As you are probably aware due to the unending stream of utopian press reports emanating from Silicon Valley, three new technologies bankrolled by three of the biggest names in tech are poised to change your life for the better. Just as the computer and internet have been nothing but a positive in the lives of all people everywhere, so too will virtual reality, drones and self-driving vehicles liberate human beings from the tedium of, respectively, sensing the real world, delivering packages, and driving.

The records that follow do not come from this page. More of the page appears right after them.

(* Let $q=AB$ be a two-atom query over $R$ satisfying the standing assumption below and the zig-zag property. For every database $D$, every repair $r$ of $D$ and all facts $a,b$: if $r\models q(ab)$ then $\{a\}\in\Delta_2(q,D)$ or there exists a repair $s$ of $D$ such that $q(s)\subsetneq q(r)$.
   Context: $R$ is a relation symbol of arity $k\ge1$ whose first $l$ positions form its primary key. Facts $R(\bar a)$, atoms $R(\bar x)$; $\overline{\mathrm{key}}(t)$ is the tuple of the first $l$ entries of $t$; $a\sim b$ iff $\overline{\mathrm{key}}(a)=\overline{\mathrm{key}}(b)$. A database is a finite set of facts; a block is a maximal set of pairwise key-equal facts; a repair is a $\subseteq$-maximal subset with no two distinct key-equal facts. For a set of facts $S$, a solution of $q$ in $S$ is a pair $(\mu(A),\mu(B))$ with $\mu$ a mapping from variables to elements and $\mu(A),\mu(B)\in S$; $q(S)$ is the set of solutions and $S\models q(ab)$ means $(a,b)\in q(S)$; $S$ satisfies $q$ if $q(S)\neq\emptyset$. Zig-zag property: for every database $D$ and facts $a,b,b',c$ of $D$ with $a\not\sim c$, $a\ne b$, $b\sim b'$, if $D\models q(ab)$ and $D\models q(cb')$ then $D\models q(ab')$. Greedy fixpoint: a $k$-set of $D$ is $S\subseteq D$ with $|S|\le k$ and at most one fact per block; $\Delta_k(q,D)$ is the least set of $k$-sets containing every $k$-set satisfying $q$ and containing a $k$-set $S$ whenever some block $B$ of $D$ is such that for every $u\in B$ some $S'\subseteq S\cup\{u\}$ lies in $\Delta_k(q,D)$. Standing assumption: $\overline{\mathrm{key}}(A)\ne\overline{\mathrm{key}}(B)$ and $q$ is not equivalent over all consistent databases to a single-atom query. *)

theory Defs
  imports Main
begin

text \<open>Facts of the relation R (arity k) are lists of elements of length k;
  atoms are lists of variables of length k. The primary key consists of
  the first l positions.\<close>

definition key :: "nat \<Rightarrow> 'a list \<Rightarrow> 'a list" where
  "key l t = take l t"

definition database :: "nat \<Rightarrow> 'e list set \<Rightarrow> bool" where
  "database k D \<longleftrightarrow> finite D \<and> (\<forall>t\<in>D. length t = k)"

definition consistent :: "nat \<Rightarrow> 'e list set \<Rightarrow> bool" where
  "consistent l S \<longleftrightarrow> (\<forall>a\<in>S. \<forall>b\<in>S. key l a = key l b \<longrightarrow> a = b)"

definition blocks :: "nat \<Rightarrow> 'e list set \<Rightarrow> 'e list set set" where
  "blocks l D = {{b\<in>D. key l b = key l a} | a. a \<in> D}"

definition repair :: "nat \<Rightarrow> 'e list set \<Rightarrow> 'e list set \<Rightarrow> bool" where
  "repair l D r \<longleftrightarrow> r \<subseteq> D \<and> consistent l r \<and>
     (\<forall>r'. r \<subseteq> r' \<longrightarrow> r' \<subseteq> D \<longrightarrow> consistent l r' \<longrightarrow> r' = r)"

definition qsol :: "'v list \<Rightarrow> 'v list \<Rightarrow> 'e list set \<Rightarrow> ('e list \<times> 'e list) set" where
  "qsol A B S = {(map \<mu> A, map \<mu> B) | \<mu>. map \<mu> A \<in> S \<and> map \<mu> B \<in> S}"

definition zigzag :: "nat \<Rightarrow> nat \<Rightarrow> 'v list \<Rightarrow> 'v list \<Rightarrow> 'e itself \<Rightarrow> bool" where
  "zigzag k l A B _ \<longleftrightarrow>
     (\<forall>(D::'e list set) a b b' c. database k D \<longrightarrow>
        a \<in> D \<longrightarrow> b \<in> D \<longrightarrow> b' \<in> D \<longrightarrow> c \<in> D \<longrightarrow>
        key l a \<noteq> key l c \<longrightarrow> a \<noteq> b \<longrightarrow> key l b = key l b' \<longrightarrow>
        (a, b) \<in> qsol A B D \<longrightarrow> (c, b') \<in> qsol A B D \<longrightarrow> (a, b') \<in> qsol A B D)"

definition equiv_single_atom :: "nat \<Rightarrow> nat \<Rightarrow> 'v list \<Rightarrow> 'v list \<Rightarrow> 'e itself \<Rightarrow> bool" where
  "equiv_single_atom k l A B _ \<longleftrightarrow>
     (\<exists>z :: nat list. length z = k \<and>
        (\<forall>D :: 'e list set. database k D \<longrightarrow> consistent l D \<longrightarrow>
           (qsol A B D \<noteq> {} \<longleftrightarrow> (\<exists>\<mu>. map \<mu> z \<in> D))))"

definition kset :: "nat \<Rightarrow> nat \<Rightarrow> 'e list set \<Rightarrow> 'e list set \<Rightarrow> bool" where
  "kset n l D S \<longleftrightarrow> S \<subseteq> D \<and> card S \<le> n \<and> consistent l S"

inductive_set Delta :: "nat \<Rightarrow> nat \<Rightarrow> 'v list \<Rightarrow> 'v list \<Rightarrow> 'e list set \<Rightarrow> 'e list set set"
  for n l A B D where
  base: "kset n l D S \<Longrightarrow> qsol A B S \<noteq> {} \<Longrightarrow> S \<in> Delta n l A B D"
| step: "kset n l D S \<Longrightarrow> Bl \<in> blocks l D \<Longrightarrow>
         (\<forall>u\<in>Bl. \<exists>S'. S' \<subseteq> S \<union> {u} \<and> S' \<in> Delta n l A B D) \<Longrightarrow> S \<in> Delta n l A B D"

end

theory Submission
  imports Defs
begin

(*
  Suppose {a} is not in Delta_2. We collect a consistent set N of new facts, each n in N
  lying in the block of some y in r such that (t, y) is a solution but (t, n) is not, for
  some t in {a} union N; the facts are supplied by the failing fixpoint rule for {a, t}, which
  also keeps {a, n} out of Delta_2. Take N maximal and let s be r with the blocks of N
  replaced by N. No solution (x, n) of s ends in N, since zig-zag applied to (t, y) and
  (x, n) would give (t, n). No solution (n, z) starts in N: z = a would put {a, n} into
  Delta_2, and z in r would let the fixpoint rule for {a, n} extend N into the block of z.
  So q(s) is contained in q(r), and (a, b) is lost because, by maximality, the block of b is
  replaced.
*)

definition matches :: "'v list \<Rightarrow> 'v list \<Rightarrow> 'e list \<Rightarrow> 'e list \<Rightarrow> bool" where
  "matches A B x y \<longleftrightarrow> (\<exists>\<mu>. map \<mu> A = x \<and> map \<mu> B = y)"

lemma mem_qsol_iff: "(x, y) \<in> qsol A B S \<longleftrightarrow> x \<in> S \<and> y \<in> S \<and> matches A B x y"
  by (auto simp: qsol_def matches_def)

lemma zigzag_matches:
  assumes "zigzag k l A B TYPE('e)" and "database k (D :: 'e list set)"
    and "a \<in> D" "b \<in> D" "b' \<in> D" "c \<in> D"
    and "key l a \<noteq> key l c" "a \<noteq> b" "key l b = key l b'"
    and "matches A B a b" "matches A B c b'"
  shows "matches A B a b'"
  using assms unfolding zigzag_def by (simp add: mem_qsol_iff)

lemma consistentD: "consistent l S \<Longrightarrow> x \<in> S \<Longrightarrow> y \<in> S \<Longrightarrow> key l x = key l y \<Longrightarrow> x = y"
  unfolding consistent_def by blast

lemma consistent_insert:
  "consistent l (insert x S) \<longleftrightarrow> consistent l S \<and> (\<forall>y\<in>S. key l y = key l x \<longrightarrow> y = x)"
  unfolding consistent_def by auto

lemma repair_iff_keys:
  "repair l D s \<longleftrightarrow> s \<subseteq> D \<and> consistent l s \<and> key l ` D \<subseteq> key l ` s"
proof
  assume s: "repair l D s"
  then have "s \<subseteq> D" "consistent l s"
    by (simp_all add: repair_def)
  have "key l d \<in> key l ` s" if "d \<in> D" for d
  proof (rule ccontr)
    assume "key l d \<notin> key l ` s"
    with \<open>consistent l s\<close> have "consistent l (insert d s)"
      unfolding consistent_insert by (metis imageI)
    then have "insert d s = s"
      using s \<open>d \<in> D\<close> unfolding repair_def by blast
    with \<open>key l d \<notin> key l ` s\<close> show False by blast
  qed
  with \<open>s \<subseteq> D\<close> \<open>consistent l s\<close> show "s \<subseteq> D \<and> consistent l s \<and> key l ` D \<subseteq> key l ` s"
    by blast
next
  assume s: "s \<subseteq> D \<and> consistent l s \<and> key l ` D \<subseteq> key l ` s"
  have "r' \<subseteq> s" if "s \<subseteq> r'" "r' \<subseteq> D" "consistent l r'" for r'
  proof
    fix d assume "d \<in> r'"
    with s \<open>r' \<subseteq> D\<close> have "key l d \<in> key l ` s" by blast
    then obtain x where "x \<in> s" "key l x = key l d" by (metis imageE)
    with that \<open>d \<in> r'\<close> have "x = d" by (blast dest: consistentD)
    with \<open>x \<in> s\<close> show "d \<in> s" by simp
  qed
  with s show "repair l D s"
    unfolding repair_def by blast
qed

Still, in the wee hours of the night, and admittedly afflicted by the kind of doubt that will forever keep human beings from reaching the computational certitude of computers, I find myself thinking that VR, drones and autonomous vehicles sound nice in the vacuum of public relations and venture-capital funding, but may experience or even provoke real-world problems upon deployment. In fact, I can’t keep my storytelling reflex from filling in all the utopian backdrops and can’t-miss financial windfalls with scenarios in which these technologies fail or are repurposed to darker intents.
Virtual Reality
Backed by Facebook and other smaller players, virtual reality is poised to make a quantum leap from mere dream to partially realized dream in the next year or two. What is virtual reality? Well, in short it’s a pair of goggles or a headset which shows you a virtual world you can pretend to move around in. Instead of being limited by the world you see right now, you can be in a movie, in a game, in a virtual environment, including spaces that could never actually exist.

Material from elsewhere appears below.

(* Let $L$ be a precompact Hausdorff co-Heyting algebra, identified with its image in $\widehat L$. Then: (1) $L$ and $\widehat L$ have the same completely meet irreducible elements; (2) the maps $x\mapsto x^{\vee}=\bigwedge\{y\in L: y\not\le x\}$ and $x\mapsto x^{\wedge}=\bigvee\{y\in L: x\not\le y\}$ are well defined and are mutually inverse, order preserving bijections between $\mathcal I^{!\wedge}(L)$ and $\mathcal I^{!\vee}(L)$ (with $x\mapsto x^\vee$ going from $\mathcal I^{!\wedge}(L)$ to $\mathcal I^{!\vee}(L)$ and $x\mapsto x^\wedge$ going back); (3) for every $x\in\mathcal I^{!\wedge}(L)$, the cofoundation rank of $x$ in $\mathcal I^{!\wedge}(L)$ is finite; (4) $\mathcal I^{!\wedge}(L)$ satisfies the ascending chain condition; (5) every $a\in L$ is the complete meet of $\{x\in\mathcal I^{!\wedge}(L): a\le x\}$.
   Context: A co-Heyting algebra is a bounded distributive lattice $(L,0,1,\vee,\wedge)$ such that $a-b=\min\{c\in L: a\le b\vee c\}$ exists for all $a,b$. For an ideal $I$, $L/I$ is the quotient by $a\equiv_I b\iff(a-b)\vee(b-a)\in I$. $\operatorname{Spec}L$ is the set of prime filters ordered by inclusion; height = foundation rank there; $\operatorname{codim}_La=\min\{\operatorname{height}\mathfrak p: a\in\mathfrak p\}$ ($+\infty$ if none); $dL=\{a:\operatorname{codim}_La\ge d\}$ is an ideal. $L$ is Hausdorff if every nonzero element has finite codimension; precompact if $L/dL$ is finite for every positive integer $d$. $\widehat L$ is the projective limit of the quotients $L/dL$ under the canonical surjections $L/(d+1)L\to L/dL$, with $L$ embedded diagonally. $x\ne0$ is completely join irreducible if $x\le\bigvee A$ implies $x\le a$ for some $a\in A$; $x\ne1$ is completely meet irreducible if $\bigwedge A\le x$ implies $a\le x$ for some $a\in A$. $\mathcal I^{!\vee}(L)$, $\mathcal I^{!\wedge}(L)$ denote the sets of completely join, resp. meet, irreducible elements. Cofoundation rank in an ordered set is the foundation rank for the reverse order. *)

theory Defs
  imports Main
begin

In theory, virtual reality — like interactive storytelling before it — is a mind-bending, game-changing development. Unfortunately, like interactive storytelling, getting virtual reality to work has taken a lot longer than anyone thought, in large part because the human body isn’t wired up to suddenly ignore reality just because it has snazzy new tech lashed to its face. While it may seem as if we humans have discrete senses — hearing, touch, vision, etc. — all of those senses merge in the brain in complex ways that were forged in the fire of evolution, which is why a certain percentage of people puke their guts out when they go sailing no matter how they try to compensate.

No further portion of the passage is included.